(* Let $N \ge 2$, let $0 \le z_1 < \dots < z_N < 1$, let $\alpha_1,\dots,\alpha_N>0$ with $\sum_i \alpha_i = 1$, and let $\mu = \sum_{i=1}^N \alpha_i \delta_{z_i}$ on $[0,1]$. If $\lambda$ is an eigenvalue of the $\mu$-Laplacian $\Delta^\mu$, then $\lambda \in \mathbb R$ and $$2 \min_{i \in \{1,\dots,N\}} B_{i,i} \le \lambda \le 0,$$ where $B_{i,i} = -\alpha_{i-1}^{-2} - \alpha_i^{-2}$ with the convention $\alpha_0 := \alpha_N$.
   Context: $\delta_z$ is the Dirac measure at $z$. $L^2_\mu$ is the space of $\mu$-a.e. classes of real square-integrable functions on $[0,1]$ with inner product $\langle f,g\rangle_\mu = \sum_{i=1}^N \alpha_i f(z_i)g(z_i)$. $\mathscr D^1_\mu$ is the set of functions $f$ on $[0,1]$ for which there is $f' \in L^2_\mu$ with $f(0)=f(1)$ and $f(x) = f(0) + \int \mathbf 1_{[0,x)} f'\,d\mu$ for all $x\in[0,1]$ (with $[0,0)=\emptyset$); then $\nabla^\mu f := f'$, explicitly $\nabla^\mu f(z_n) = (f(z_{n+1})-f(z_n))/\alpha_n$ for $n<N$ and $\nabla^\mu f(z_N) = (f(z_1)-f(z_N))/\alpha_N$. Every class of $L^2_\mu$ has a representative in $\mathscr D^1_\mu$. The energy form is $\mathcal E(f,g) = \langle \nabla^\mu f, \nabla^\mu g\rangle_\mu$. A function $f \in \mathscr D^1_\mu$ belongs to $\mathscr D^2_\mu$ if there is $h \in L^2_\mu$ with $\mathcal E(f,g) = -\langle h, g\rangle_\mu$ for all $g\in\mathscr D^1_\mu$, and then $\Delta^\mu f := h$. Writing $A$ for the $N\times N$ matrix of $\nabla^\mu$ acting on $(f(z_1),\dots,f(z_N))^\top$ (so $A_{n,n} = -\alpha_n^{-1}$, $A_{n,n+1} = \alpha_n^{-1}$ for $n<N$, $A_{N,N} = -\alpha_N^{-1}$, $A_{N,1} = \alpha_N^{-1}$, other entries $0$), the paper takes $B := -A^\top A$ as matrix representation of $\Delta^\mu$; its diagonal entries are $B_{i,i} = -\alpha_{i-1}^{-2}-\alpha_i^{-2}$ (indices mod $N$). *)

theory Defs
  imports Complex_Main "Jordan_Normal_Form.Char_Poly"
begin

text \<open>Indices are shifted by one: row/column i (0 \<le> i < N) corresponds to the atom z_(i+1),
  and alpha i is the weight of z_(i+1).\<close>

text \<open>Matrix A of the discrete derivative nabla^mu acting on (f(z_1),...,f(z_N)).\<close>
definition grad_mat :: "nat \<Rightarrow> (nat \<Rightarrow> real) \<Rightarrow> real mat" where
  "grad_mat N alpha = mat N N (\<lambda>(i, j).
     (if j = i then - 1 / alpha i else 0) + (if j = Suc i mod N then 1 / alpha i else 0))"

definition lap_mat :: "nat \<Rightarrow> (nat \<Rightarrow> real) \<Rightarrow> real mat" where
  "lap_mat N alpha = - (transpose_mat (grad_mat N alpha) * grad_mat N alpha)"

end

theory Submission
  imports Defs
begin

(* B = -A^T A, so an eigenvector v of B satisfies lam |v|^2 = -|A v|^2: lam is real and nonpositive.
   Since (A v)_k = (v_(k+1) - v_k) / alpha_k cyclically, the bound |a - b|^2 <= 2 (|a|^2 + |b|^2)
   followed by a cyclic shift of the first summand gives
   |A v|^2 <= 2 sum_j |v_j|^2 (alpha_(j-1)^-2 + alpha_j^-2) <= -2 (min_i B_ii) |v|^2. *)

lemma cscalar_prod_self_eq_sum_cmod:
  fixes v :: "complex vec"
  shows "v \<bullet>c v = complex_of_real (\<Sum>i<dim_vec v. (cmod (v $ i))\<^sup>2)"
  by (simp add: scalar_prod_def lessThan_atLeast0 complex_norm_square del: of_real_power)

lemma conjugate_mult_mat_vec_of_real:
  fixes G :: "real mat" and v :: "complex vec"
  assumes "v \<in> carrier_vec (dim_col G)"
  shows "conjugate (map_mat complex_of_real G *\<^sub>v v) = map_mat complex_of_real G *\<^sub>v conjugate v"
  using assms by (intro eq_vecI) (auto simp: scalar_prod_def sum_conjugate conjugate_dist_mul)

lemma neg_gram_eigenvector_rayleigh:
  fixes G :: "real mat" and v :: "complex vec"
  defines "Gc \<equiv> map_mat complex_of_real G"
  assumes G: "G \<in> carrier_mat m n" and v: "v \<in> carrier_vec n"
    and eigen: "map_mat complex_of_real (- (transpose_mat G * G)) *\<^sub>v v = lam \<cdot>\<^sub>v v"
  shows "lam * (v \<bullet>c v) = - ((Gc *\<^sub>v v) \<bullet>c (Gc *\<^sub>v v))"
proof -
  have Gc: "Gc \<in> carrier_mat m n"
    using G by (simp add: Gc_def)
  have "map_mat complex_of_real (- (transpose_mat G * G)) = - (transpose_mat Gc * Gc)"
    using G by (auto simp: Gc_def of_real_hom.mat_hom_mult[symmetric] map_mat_transpose)
  with eigen Gc v have "lam \<cdot>\<^sub>v v = - (transpose_mat Gc *\<^sub>v (Gc *\<^sub>v v))"
    by auto
  moreover have "lam * (v \<bullet>c v) = (lam \<cdot>\<^sub>v v) \<bullet> conjugate v"
    using v by simp
  ultimately have "lam * (v \<bullet>c v) = - ((transpose_mat Gc *\<^sub>v (Gc *\<^sub>v v)) \<bullet> conjugate v)"
    using Gc v by simp
  also have "\<dots> = - ((Gc *\<^sub>v v) \<bullet> (Gc *\<^sub>v conjugate v))"
    using Gc v by (simp add: transpose_vec_mult_scalar)
  also have "\<dots> = - ((Gc *\<^sub>v v) \<bullet>c (Gc *\<^sub>v v))"
    using G v by (simp add: Gc_def conjugate_mult_mat_vec_of_real)
  finally show ?thesis .
qed

lemma norm_diff_power2_le:
  fixes a b :: "'a :: real_normed_vector"
  shows "(norm (a - b))\<^sup>2 \<le> 2 * ((norm a)\<^sup>2 + (norm b)\<^sup>2)"
proof -
  have "(norm (a - b))\<^sup>2 \<le> (norm a + norm b)\<^sup>2"
    by (simp add: power_mono norm_triangle_ineq4)
  also have "\<dots> \<le> 2 * ((norm a)\<^sup>2 + (norm b)\<^sup>2)"
    using sum_squares_ge_zero[of "norm a - norm b" 0] by (simp add: power2_eq_square algebra_simps)
  finally show ?thesis .
qed

lemma pred_mod_Suc_mod:
  assumes "k < (N :: nat)"
  shows "(Suc k mod N + N - 1) mod N = k"
proof (cases "Suc k = N")
  case False
  with assms have "Suc k mod N + N - 1 = k + N"
    by simp
  with assms show ?thesis
    by simp
qed (use assms in auto)

lemma Suc_mod_pred_mod:
  assumes "j < (N :: nat)"
  shows "Suc ((j + N - 1) mod N) mod N = j"
proof (cases j)
  case (Suc i)
  with assms have "(j + N - 1) mod N = i"
    by simp
  with Suc assms show ?thesis
    by simp
qed (use assms in auto)

lemma sum_rotate_mod:
  fixes f :: "nat \<Rightarrow> nat \<Rightarrow> 'a :: comm_monoid_add"
  shows "(\<Sum>k<N. f (Suc k mod N) k) = (\<Sum>j<N. f j ((j + N - 1) mod N))"
  by (rule sum.reindex_bij_witness[where i="\<lambda>j. (j + N - 1) mod N" and j="\<lambda>k. Suc k mod N"])
    (auto simp: pred_mod_Suc_mod Suc_mod_pred_mod simp del: One_nat_def)

lemma sum_cyclic_diff_power2_le:
  fixes x :: "nat \<Rightarrow> complex" and alpha :: "nat \<Rightarrow> real"
  shows "(\<Sum>k<N. (cmod ((x (Suc k mod N) - x k) / alpha k))\<^sup>2)
    \<le> 2 * (\<Sum>j<N. (cmod (x j))\<^sup>2 * (1 / (alpha ((j + N - 1) mod N))\<^sup>2 + 1 / (alpha j)\<^sup>2))"
proof -
  have "(\<Sum>k<N. (cmod ((x (Suc k mod N) - x k) / alpha k))\<^sup>2)
      \<le> (\<Sum>k<N. 2 * ((cmod (x (Suc k mod N)))\<^sup>2 / (alpha k)\<^sup>2 + (cmod (x k))\<^sup>2 / (alpha k)\<^sup>2))"
  proof (rule sum_mono)
    fix k
    have "(cmod ((x (Suc k mod N) - x k) / alpha k))\<^sup>2 = (cmod (x (Suc k mod N) - x k))\<^sup>2 / (alpha k)\<^sup>2"
      by (simp add: norm_divide power_divide)
    also have "\<dots> \<le> 2 * ((cmod (x (Suc k mod N)))\<^sup>2 + (cmod (x k))\<^sup>2) / (alpha k)\<^sup>2"
      by (rule divide_right_mono[OF norm_diff_power2_le zero_le_power2])
    finally show "(cmod ((x (Suc k mod N) - x k) / alpha k))\<^sup>2
        \<le> 2 * ((cmod (x (Suc k mod N)))\<^sup>2 / (alpha k)\<^sup>2 + (cmod (x k))\<^sup>2 / (alpha k)\<^sup>2)"
      by (simp add: add_divide_distrib)
  qed
  also have "\<dots> = 2 * ((\<Sum>k<N. (cmod (x (Suc k mod N)))\<^sup>2 * (1 / (alpha k)\<^sup>2))
      + (\<Sum>j<N. (cmod (x j))\<^sup>2 * (1 / (alpha j)\<^sup>2)))"
    by (simp add: sum_distrib_left sum.distrib)
  also have "\<dots> = 2 * (\<Sum>j<N. (cmod (x j))\<^sup>2 * (1 / (alpha ((j + N - 1) mod N))\<^sup>2 + 1 / (alpha j)\<^sup>2))"
    by (simp only: sum_rotate_mod[where f="\<lambda>j k. (cmod (x j))\<^sup>2 * (1 / (alpha k)\<^sup>2)"]
        distrib_left sum.distrib)
  finally show ?thesis .
qed

lemma sum_cyclic_diff_power2_le_Min:
  fixes x :: "nat \<Rightarrow> complex" and alpha :: "nat \<Rightarrow> real"
  shows "(\<Sum>k<N. (cmod ((x (Suc k mod N) - x k) / alpha k))\<^sup>2)
    \<le> - 2 * Min {- (1 / (alpha ((i + N - 1) mod N))\<^sup>2) - 1 / (alpha i)\<^sup>2 | i. i < N}
        * (\<Sum>j<N. (cmod (x j))\<^sup>2)"
proof -
  define Bmin where "Bmin = Min {- (1 / (alpha ((i + N - 1) mod N))\<^sup>2) - 1 / (alpha i)\<^sup>2 | i. i < N}"
  have weight_le: "1 / (alpha ((j + N - 1) mod N))\<^sup>2 + 1 / (alpha j)\<^sup>2 \<le> - Bmin" if "j < N" for j
  proof -
    have "Bmin \<le> - (1 / (alpha ((j + N - 1) mod N))\<^sup>2) - 1 / (alpha j)\<^sup>2"
      unfolding Bmin_def by (rule Min_le) (use that in auto)
    then show ?thesis
      by simp
  qed
  have "(\<Sum>k<N. (cmod ((x (Suc k mod N) - x k) / alpha k))\<^sup>2)
      \<le> 2 * (\<Sum>j<N. (cmod (x j))\<^sup>2 * (1 / (alpha ((j + N - 1) mod N))\<^sup>2 + 1 / (alpha j)\<^sup>2))"
    by (rule sum_cyclic_diff_power2_le)
  also have "\<dots> \<le> 2 * (\<Sum>j<N. (cmod (x j))\<^sup>2 * - Bmin)"
    by (intro mult_left_mono sum_mono) (simp_all add: weight_le del: One_nat_def)
  also have "\<dots> = - 2 * Bmin * (\<Sum>j<N. (cmod (x j))\<^sup>2)"
    by (simp add: sum_distrib_left sum_distrib_right algebra_simps)
  finally show ?thesis
    unfolding Bmin_def .
qed

lemma grad_mat_carrier: "grad_mat N alpha \<in> carrier_mat N N"
  by (simp add: grad_mat_def)

lemma grad_mat_mult_vec_index:
  fixes v :: "complex vec"
  assumes k: "k < N" and v: "v \<in> carrier_vec N"
  shows "(map_mat complex_of_real (grad_mat N alpha) *\<^sub>v v) $ k = (v $ (Suc k mod N) - v $ k) / alpha k"
proof -
  have "(map_mat complex_of_real (grad_mat N alpha) *\<^sub>v v) $ k
      = (\<Sum>j<N. (if j = k then - v $ k / alpha k else 0)
          + (if j = Suc k mod N then v $ (Suc k mod N) / alpha k else 0))"
    using k v by (auto simp: grad_mat_def scalar_prod_def lessThan_atLeast0 intro!: sum.cong)
  also have "\<dots> = (v $ (Suc k mod N) - v $ k) / alpha k"
    using k by (simp add: sum.distrib diff_divide_distrib)
  finally show ?thesis .
qed

lemma lap_mat_eigenvector_rayleigh:
  fixes v :: "complex vec"
  assumes v: "v \<in> carrier_vec N"
    and eigen: "map_mat complex_of_real (lap_mat N alpha) *\<^sub>v v = lam \<cdot>\<^sub>v v"
  shows "lam * (\<Sum>i<N. (cmod (v $ i))\<^sup>2)
    = - (\<Sum>k<N. (cmod ((v $ (Suc k mod N) - v $ k) / alpha k))\<^sup>2)"
proof -
  let ?Gc = "map_mat complex_of_real (grad_mat N alpha)"
  note G = grad_mat_carrier[of N alpha]
  have "(?Gc *\<^sub>v v) \<bullet>c (?Gc *\<^sub>v v)
      = complex_of_real (\<Sum>k<N. (cmod ((v $ (Suc k mod N) - v $ k) / alpha k))\<^sup>2)"
    unfolding cscalar_prod_self_eq_sum_cmod using G v
    by (intro arg_cong[where f = complex_of_real] sum.cong) 
      (simp_all add: grad_mat_mult_vec_index del: index_mult_mat_vec)
  moreover have "lam * (v \<bullet>c v) = - ((?Gc *\<^sub>v v) \<bullet>c (?Gc *\<^sub>v v))"
    using neg_gram_eigenvector_rayleigh[OF G v] eigen by (simp add: lap_mat_def)
  ultimately show ?thesis
    using v by (simp add: cscalar_prod_self_eq_sum_cmod)
qed

theorem proposition3p1:
  fixes N :: nat and z alpha :: "nat \<Rightarrow> real" and lam :: complex
  assumes "N \<ge> 2"
    and "0 \<le> z 0" and "\<And>i. Suc i < N \<Longrightarrow> z i < z (Suc i)" and "z (N - 1) < 1"
    and "\<And>i. i < N \<Longrightarrow> alpha i > 0"
    and "(\<Sum>i<N. alpha i) = 1"
    and "eigenvalue (map_mat complex_of_real (lap_mat N alpha)) lam"
  shows "lam \<in> \<real> \<and>
    2 * Min {- (1 / (alpha ((i + N - 1) mod N))\<^sup>2) - 1 / (alpha i)\<^sup>2 | i. i < N} \<le> Re lam \<and>
    Re lam \<le> 0"
proof -
  let ?M = "map_mat complex_of_real (lap_mat N alpha)"
  have "?M \<in> carrier_mat N N"
    using grad_mat_carrier[of N alpha] by (simp add: lap_mat_def)
  with assms(7) obtain v where v: "v \<in> carrier_vec N" "v \<noteq> 0\<^sub>v N" "?M *\<^sub>v v = lam \<cdot>\<^sub>v v"
    unfolding eigenvalue_def eigenvector_def by auto
  define S where "S = (\<Sum>i<N. (cmod (v $ i))\<^sup>2)"
  define T where "T = (\<Sum>k<N. (cmod ((v $ (Suc k mod N) - v $ k) / alpha k))\<^sup>2)"
  define Bmin where "Bmin = Min {- (1 / (alpha ((i + N - 1) mod N))\<^sup>2) - 1 / (alpha i)\<^sup>2 | i. i < N}"
  have rayleigh: "lam * S = - T"
    using lap_mat_eigenvector_rayleigh[OF v(1,3)] by (simp add: S_def T_def)
  have "S > 0"
    using conjugate_square_greater_0_vec[OF v(1)] v
    by (simp add: cscalar_prod_self_eq_sum_cmod S_def less_complex_def)
  have "T \<ge> 0"
    by (simp add: T_def sum_nonneg)
  have "T \<le> - 2 * Bmin * S"
    unfolding T_def S_def Bmin_def by (rule sum_cyclic_diff_power2_le_Min)
  then have "2 * Bmin \<le> - T / S" and "- T / S \<le> 0"
    using \<open>S > 0\<close> \<open>T \<ge> 0\<close> by (simp_all add: field_simps)
  moreover have "lam = complex_of_real (- T / S)"
    using rayleigh \<open>S > 0\<close> by (simp add: field_simps)
  ultimately show ?thesis
    unfolding Bmin_def by simp
qed

end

===============

> Goal of the exercise
Scan the listing above for the word "moreover" and copy every line that holds it.

> Answer
  moreover have "lam * (v \<bullet>c v) = (lam \<cdot>\<^sub>v v) \<bullet> conjugate v"
  moreover have "lam * (v \<bullet>c v) = - ((?Gc *\<^sub>v v) \<bullet>c (?Gc *\<^sub>v v))"
  moreover have "lam = complex_of_real (- T / S)"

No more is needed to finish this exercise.